* Your objective
From the first line of the material below to the line containing "from r1 r2 obtain", repeat every line exactly and add nothing.

┌─ Data in this exercise

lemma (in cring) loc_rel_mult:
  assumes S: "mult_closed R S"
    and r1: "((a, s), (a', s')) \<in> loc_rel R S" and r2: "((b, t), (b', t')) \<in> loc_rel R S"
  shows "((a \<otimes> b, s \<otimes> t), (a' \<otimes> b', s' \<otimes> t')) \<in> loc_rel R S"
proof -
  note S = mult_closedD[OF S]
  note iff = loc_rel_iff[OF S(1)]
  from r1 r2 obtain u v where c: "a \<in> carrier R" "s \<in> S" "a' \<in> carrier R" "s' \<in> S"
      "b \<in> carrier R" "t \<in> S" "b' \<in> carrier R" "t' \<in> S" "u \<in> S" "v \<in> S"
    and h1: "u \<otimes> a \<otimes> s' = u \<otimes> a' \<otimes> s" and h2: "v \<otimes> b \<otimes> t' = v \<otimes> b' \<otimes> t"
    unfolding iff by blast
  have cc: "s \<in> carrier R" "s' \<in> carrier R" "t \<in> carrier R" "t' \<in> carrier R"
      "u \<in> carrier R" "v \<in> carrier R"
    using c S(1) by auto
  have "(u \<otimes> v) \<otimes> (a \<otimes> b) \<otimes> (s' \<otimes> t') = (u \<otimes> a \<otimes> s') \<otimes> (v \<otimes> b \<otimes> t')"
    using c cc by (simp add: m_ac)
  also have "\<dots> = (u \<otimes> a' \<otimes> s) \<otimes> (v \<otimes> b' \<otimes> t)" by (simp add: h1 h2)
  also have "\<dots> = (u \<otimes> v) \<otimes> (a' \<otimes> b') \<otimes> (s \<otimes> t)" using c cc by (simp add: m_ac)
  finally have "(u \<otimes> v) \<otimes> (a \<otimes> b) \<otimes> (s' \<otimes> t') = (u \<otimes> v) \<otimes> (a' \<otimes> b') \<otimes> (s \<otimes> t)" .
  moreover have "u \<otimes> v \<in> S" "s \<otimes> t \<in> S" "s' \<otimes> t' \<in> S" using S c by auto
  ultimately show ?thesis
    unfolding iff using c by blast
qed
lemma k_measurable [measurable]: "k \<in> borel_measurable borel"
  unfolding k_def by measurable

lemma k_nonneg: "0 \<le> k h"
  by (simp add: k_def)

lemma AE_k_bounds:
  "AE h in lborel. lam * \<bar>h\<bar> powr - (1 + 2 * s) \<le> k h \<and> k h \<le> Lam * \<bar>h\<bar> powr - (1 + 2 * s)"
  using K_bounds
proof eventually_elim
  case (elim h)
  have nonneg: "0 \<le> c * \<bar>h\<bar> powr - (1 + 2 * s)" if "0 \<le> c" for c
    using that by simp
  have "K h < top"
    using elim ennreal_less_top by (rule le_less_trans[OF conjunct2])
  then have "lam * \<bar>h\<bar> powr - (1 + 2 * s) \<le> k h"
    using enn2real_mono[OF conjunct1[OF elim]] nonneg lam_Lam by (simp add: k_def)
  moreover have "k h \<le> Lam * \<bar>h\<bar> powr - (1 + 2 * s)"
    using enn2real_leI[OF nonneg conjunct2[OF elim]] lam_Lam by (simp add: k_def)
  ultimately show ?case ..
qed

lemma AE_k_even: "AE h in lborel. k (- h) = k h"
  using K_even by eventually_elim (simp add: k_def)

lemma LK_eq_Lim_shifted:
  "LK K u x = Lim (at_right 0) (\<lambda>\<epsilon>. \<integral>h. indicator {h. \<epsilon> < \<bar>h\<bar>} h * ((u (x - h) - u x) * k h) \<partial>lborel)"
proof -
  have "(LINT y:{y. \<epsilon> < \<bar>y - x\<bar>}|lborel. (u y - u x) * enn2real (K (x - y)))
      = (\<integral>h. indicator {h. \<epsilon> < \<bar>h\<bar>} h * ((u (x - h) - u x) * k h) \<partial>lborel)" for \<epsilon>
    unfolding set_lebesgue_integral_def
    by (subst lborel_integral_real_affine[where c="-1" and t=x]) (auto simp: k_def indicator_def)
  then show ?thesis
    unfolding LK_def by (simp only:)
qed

└─

* Task response
lemma (in cring) loc_rel_mult:
  assumes S: "mult_closed R S"
    and r1: "((a, s), (a', s')) \<in> loc_rel R S" and r2: "((b, t), (b', t')) \<in> loc_rel R S"
  shows "((a \<otimes> b, s \<otimes> t), (a' \<otimes> b', s' \<otimes> t')) \<in> loc_rel R S"
proof -
  note S = mult_closedD[OF S]
  note iff = loc_rel_iff[OF S(1)]
  from r1 r2 obtain u v where c: "a \<in> carrier R" "s \<in> S" "a' \<in> carrier R" "s' \<in> S"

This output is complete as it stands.